● **WHAT IS BEING ASKED**
Using the records that appear below, write out exactly the lines from the one with "(\<forall>S. S \<subseteq>" through the one with "members meeting at", keeping both end lines.

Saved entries
= Beginning of Section =
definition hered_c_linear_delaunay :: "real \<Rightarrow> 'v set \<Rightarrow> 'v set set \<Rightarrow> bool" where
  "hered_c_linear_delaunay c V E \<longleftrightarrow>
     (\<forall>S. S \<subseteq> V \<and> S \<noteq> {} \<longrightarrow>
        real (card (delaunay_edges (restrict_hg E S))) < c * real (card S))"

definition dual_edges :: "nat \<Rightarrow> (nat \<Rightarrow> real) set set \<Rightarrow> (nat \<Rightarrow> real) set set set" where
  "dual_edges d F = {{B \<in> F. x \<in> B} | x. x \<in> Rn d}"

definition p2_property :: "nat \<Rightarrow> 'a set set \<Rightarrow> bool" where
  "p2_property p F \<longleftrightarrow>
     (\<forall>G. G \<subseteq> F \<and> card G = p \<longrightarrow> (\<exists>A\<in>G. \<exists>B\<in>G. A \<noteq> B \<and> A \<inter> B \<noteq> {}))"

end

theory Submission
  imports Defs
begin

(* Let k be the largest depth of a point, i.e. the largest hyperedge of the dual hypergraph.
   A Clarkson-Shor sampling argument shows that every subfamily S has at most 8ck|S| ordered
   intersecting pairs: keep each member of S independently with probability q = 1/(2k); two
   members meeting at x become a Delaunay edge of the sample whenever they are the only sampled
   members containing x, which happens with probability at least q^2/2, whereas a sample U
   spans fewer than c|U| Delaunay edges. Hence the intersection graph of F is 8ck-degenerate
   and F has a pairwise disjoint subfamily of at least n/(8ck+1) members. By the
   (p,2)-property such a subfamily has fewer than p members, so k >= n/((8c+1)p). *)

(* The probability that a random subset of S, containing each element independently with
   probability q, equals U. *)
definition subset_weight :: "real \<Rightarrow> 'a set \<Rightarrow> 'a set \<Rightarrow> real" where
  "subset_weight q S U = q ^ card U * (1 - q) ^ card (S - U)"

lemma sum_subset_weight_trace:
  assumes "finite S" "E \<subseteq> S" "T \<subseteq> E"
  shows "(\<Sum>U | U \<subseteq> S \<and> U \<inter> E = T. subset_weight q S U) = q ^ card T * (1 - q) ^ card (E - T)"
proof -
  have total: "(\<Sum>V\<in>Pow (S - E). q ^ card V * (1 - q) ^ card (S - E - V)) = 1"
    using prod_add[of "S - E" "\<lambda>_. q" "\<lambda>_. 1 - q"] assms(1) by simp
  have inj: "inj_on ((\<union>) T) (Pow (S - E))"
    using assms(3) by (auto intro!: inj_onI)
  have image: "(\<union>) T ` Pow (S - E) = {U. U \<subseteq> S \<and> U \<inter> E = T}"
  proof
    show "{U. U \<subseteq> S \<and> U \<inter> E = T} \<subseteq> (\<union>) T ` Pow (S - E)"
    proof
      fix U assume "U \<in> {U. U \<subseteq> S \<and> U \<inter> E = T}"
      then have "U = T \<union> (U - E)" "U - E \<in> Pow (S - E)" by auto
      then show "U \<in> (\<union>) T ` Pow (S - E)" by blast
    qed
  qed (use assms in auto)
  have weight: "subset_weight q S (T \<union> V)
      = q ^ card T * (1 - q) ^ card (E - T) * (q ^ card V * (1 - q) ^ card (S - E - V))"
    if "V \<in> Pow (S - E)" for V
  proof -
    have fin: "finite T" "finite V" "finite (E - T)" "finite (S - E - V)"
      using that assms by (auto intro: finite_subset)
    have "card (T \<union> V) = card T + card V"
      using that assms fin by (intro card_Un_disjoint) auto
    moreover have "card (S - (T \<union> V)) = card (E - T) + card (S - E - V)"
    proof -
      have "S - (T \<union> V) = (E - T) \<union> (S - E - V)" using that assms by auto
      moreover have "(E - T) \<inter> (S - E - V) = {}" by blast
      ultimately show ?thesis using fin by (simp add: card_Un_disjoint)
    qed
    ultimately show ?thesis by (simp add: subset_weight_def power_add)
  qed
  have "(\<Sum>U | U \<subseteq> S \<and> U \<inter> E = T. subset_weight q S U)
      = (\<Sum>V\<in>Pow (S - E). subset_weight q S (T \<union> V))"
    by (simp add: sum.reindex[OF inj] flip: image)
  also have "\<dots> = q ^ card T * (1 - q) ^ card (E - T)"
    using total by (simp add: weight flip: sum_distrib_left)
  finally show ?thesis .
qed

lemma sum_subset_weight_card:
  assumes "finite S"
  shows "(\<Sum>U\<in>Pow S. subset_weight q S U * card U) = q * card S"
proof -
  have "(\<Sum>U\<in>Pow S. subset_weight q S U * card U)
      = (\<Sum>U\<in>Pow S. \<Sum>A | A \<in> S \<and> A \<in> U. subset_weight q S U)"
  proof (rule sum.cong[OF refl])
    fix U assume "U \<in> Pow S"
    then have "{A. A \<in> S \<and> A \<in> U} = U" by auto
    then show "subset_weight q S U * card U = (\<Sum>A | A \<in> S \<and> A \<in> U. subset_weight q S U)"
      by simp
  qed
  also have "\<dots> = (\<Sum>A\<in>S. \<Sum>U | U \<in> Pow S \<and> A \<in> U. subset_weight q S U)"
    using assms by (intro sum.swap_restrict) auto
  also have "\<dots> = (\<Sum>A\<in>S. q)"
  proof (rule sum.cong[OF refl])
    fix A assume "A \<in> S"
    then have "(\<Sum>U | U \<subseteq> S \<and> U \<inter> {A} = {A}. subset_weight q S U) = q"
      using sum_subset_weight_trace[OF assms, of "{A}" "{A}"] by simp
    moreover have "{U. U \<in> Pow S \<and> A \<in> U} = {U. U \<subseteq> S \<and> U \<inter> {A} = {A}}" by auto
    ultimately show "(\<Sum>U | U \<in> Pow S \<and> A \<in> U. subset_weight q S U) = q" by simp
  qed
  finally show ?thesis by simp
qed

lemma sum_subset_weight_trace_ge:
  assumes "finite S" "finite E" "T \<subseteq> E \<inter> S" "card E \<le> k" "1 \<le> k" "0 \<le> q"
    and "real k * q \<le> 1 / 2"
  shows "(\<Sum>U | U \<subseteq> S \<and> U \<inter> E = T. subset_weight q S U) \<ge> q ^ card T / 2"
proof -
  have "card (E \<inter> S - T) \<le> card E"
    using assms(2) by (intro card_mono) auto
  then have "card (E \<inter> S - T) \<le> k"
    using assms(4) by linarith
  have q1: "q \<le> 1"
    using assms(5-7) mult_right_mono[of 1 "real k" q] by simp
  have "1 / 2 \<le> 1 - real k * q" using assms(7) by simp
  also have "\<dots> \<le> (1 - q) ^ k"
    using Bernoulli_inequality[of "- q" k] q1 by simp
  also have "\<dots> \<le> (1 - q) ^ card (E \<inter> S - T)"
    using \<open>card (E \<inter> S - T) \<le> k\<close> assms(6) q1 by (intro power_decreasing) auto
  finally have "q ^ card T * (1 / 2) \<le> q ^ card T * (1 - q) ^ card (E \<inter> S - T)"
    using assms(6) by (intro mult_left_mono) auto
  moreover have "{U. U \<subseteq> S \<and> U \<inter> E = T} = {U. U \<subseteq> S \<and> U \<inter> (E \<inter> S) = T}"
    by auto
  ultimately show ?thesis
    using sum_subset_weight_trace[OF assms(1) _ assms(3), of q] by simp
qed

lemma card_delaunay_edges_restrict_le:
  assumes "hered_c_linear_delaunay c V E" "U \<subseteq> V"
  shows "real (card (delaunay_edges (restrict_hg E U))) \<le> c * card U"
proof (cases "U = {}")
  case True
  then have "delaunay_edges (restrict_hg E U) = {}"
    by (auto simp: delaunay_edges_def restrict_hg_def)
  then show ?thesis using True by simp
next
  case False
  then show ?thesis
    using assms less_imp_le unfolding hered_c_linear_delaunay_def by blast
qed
= End of Section =
= Beginning of Section =
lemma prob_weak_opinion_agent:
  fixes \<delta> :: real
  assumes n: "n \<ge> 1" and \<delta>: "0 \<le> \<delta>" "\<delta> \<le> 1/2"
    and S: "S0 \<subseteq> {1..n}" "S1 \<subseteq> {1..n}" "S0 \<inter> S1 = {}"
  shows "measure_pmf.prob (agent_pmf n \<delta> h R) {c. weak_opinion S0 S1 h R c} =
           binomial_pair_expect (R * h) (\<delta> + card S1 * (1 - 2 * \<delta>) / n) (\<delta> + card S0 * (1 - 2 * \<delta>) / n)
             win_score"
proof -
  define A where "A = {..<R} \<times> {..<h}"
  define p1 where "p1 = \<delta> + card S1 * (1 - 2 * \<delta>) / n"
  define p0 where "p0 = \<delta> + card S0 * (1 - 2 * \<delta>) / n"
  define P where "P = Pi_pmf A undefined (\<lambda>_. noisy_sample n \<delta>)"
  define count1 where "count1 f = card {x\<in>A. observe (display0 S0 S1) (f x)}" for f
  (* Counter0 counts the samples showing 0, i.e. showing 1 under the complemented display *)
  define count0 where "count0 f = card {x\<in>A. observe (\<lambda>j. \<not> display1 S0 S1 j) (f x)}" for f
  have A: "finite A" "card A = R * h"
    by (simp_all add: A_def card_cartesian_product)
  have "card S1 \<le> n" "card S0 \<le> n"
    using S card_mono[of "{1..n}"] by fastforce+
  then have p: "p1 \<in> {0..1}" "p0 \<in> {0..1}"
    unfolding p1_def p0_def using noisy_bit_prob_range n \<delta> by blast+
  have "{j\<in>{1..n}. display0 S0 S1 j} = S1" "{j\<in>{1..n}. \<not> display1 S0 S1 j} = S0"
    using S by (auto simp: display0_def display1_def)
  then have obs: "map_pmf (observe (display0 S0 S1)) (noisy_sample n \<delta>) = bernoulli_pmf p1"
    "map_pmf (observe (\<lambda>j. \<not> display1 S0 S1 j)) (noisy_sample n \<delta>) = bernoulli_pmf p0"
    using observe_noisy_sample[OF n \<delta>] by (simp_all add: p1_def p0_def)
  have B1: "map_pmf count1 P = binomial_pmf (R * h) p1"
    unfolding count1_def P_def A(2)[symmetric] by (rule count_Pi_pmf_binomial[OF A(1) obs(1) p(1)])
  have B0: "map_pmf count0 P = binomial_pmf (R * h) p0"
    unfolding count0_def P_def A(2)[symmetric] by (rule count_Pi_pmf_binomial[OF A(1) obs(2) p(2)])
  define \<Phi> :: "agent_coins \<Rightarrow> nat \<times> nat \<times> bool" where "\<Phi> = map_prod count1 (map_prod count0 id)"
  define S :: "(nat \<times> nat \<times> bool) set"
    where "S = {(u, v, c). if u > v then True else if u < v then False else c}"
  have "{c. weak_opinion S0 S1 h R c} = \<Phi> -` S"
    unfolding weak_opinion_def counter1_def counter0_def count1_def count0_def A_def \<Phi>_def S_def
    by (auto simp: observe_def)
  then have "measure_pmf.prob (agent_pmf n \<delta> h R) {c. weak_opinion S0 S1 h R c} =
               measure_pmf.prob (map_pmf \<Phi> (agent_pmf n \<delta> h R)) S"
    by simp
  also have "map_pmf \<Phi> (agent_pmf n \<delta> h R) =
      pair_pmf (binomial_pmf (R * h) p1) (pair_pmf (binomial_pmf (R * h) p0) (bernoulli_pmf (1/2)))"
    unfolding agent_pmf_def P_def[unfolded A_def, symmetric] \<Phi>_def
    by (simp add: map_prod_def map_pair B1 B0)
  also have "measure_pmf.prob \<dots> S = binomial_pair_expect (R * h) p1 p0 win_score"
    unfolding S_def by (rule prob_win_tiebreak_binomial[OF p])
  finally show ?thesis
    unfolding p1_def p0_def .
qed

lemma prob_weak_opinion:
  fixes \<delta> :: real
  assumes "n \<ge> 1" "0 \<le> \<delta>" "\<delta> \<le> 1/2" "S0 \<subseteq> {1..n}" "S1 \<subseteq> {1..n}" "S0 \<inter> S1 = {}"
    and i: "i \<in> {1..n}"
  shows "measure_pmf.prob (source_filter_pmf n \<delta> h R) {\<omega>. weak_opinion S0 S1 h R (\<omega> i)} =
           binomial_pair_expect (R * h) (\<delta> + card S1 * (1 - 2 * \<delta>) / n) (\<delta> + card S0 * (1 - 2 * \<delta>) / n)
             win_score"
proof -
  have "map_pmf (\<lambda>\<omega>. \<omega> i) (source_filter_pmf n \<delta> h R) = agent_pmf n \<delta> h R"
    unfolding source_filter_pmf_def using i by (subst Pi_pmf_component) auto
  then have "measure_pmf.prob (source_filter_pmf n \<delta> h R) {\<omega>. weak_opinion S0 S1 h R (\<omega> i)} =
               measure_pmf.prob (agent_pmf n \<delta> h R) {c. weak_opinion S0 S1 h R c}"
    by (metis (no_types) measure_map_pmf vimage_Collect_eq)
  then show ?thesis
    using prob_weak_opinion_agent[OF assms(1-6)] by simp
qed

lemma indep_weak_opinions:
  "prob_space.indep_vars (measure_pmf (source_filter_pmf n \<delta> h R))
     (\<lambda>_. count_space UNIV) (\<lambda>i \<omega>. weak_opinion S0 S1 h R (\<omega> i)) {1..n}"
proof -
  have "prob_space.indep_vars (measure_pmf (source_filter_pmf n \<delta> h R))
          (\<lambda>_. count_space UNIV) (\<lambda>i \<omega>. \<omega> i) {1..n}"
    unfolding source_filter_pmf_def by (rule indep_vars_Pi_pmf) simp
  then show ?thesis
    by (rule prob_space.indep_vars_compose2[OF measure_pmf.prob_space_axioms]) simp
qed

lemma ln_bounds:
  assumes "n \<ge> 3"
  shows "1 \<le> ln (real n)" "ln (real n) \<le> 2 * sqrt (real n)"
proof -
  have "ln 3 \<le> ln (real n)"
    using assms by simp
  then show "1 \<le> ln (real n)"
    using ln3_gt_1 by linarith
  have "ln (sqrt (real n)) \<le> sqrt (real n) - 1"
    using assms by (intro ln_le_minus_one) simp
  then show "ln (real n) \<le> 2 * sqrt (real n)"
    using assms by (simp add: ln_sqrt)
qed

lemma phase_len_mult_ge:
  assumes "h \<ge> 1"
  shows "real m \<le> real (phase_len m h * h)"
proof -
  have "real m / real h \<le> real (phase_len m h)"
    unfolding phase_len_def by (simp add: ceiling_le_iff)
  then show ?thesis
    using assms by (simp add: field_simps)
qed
= End of Section =
● **OUTPUT OF THE TASK**
     (\<forall>S. S \<subseteq> V \<and> S \<noteq> {} \<longrightarrow>
        real (card (delaunay_edges (restrict_hg E S))) < c * real (card S))"

definition dual_edges :: "nat \<Rightarrow> (nat \<Rightarrow> real) set set \<Rightarrow> (nat \<Rightarrow> real) set set set" where
  "dual_edges d F = {{B \<in> F. x \<in> B} | x. x \<in> Rn d}"

definition p2_property :: "nat \<Rightarrow> 'a set set \<Rightarrow> bool" where
  "p2_property p F \<longleftrightarrow>
     (\<forall>G. G \<subseteq> F \<and> card G = p \<longrightarrow> (\<exists>A\<in>G. \<exists>B\<in>G. A \<noteq> B \<and> A \<inter> B \<noteq> {}))"

end

theory Submission
  imports Defs
begin

(* Let k be the largest depth of a point, i.e. the largest hyperedge of the dual hypergraph.
   A Clarkson-Shor sampling argument shows that every subfamily S has at most 8ck|S| ordered
   intersecting pairs: keep each member of S independently with probability q = 1/(2k); two
   members meeting at x become a Delaunay edge of the sample whenever they are the only sampled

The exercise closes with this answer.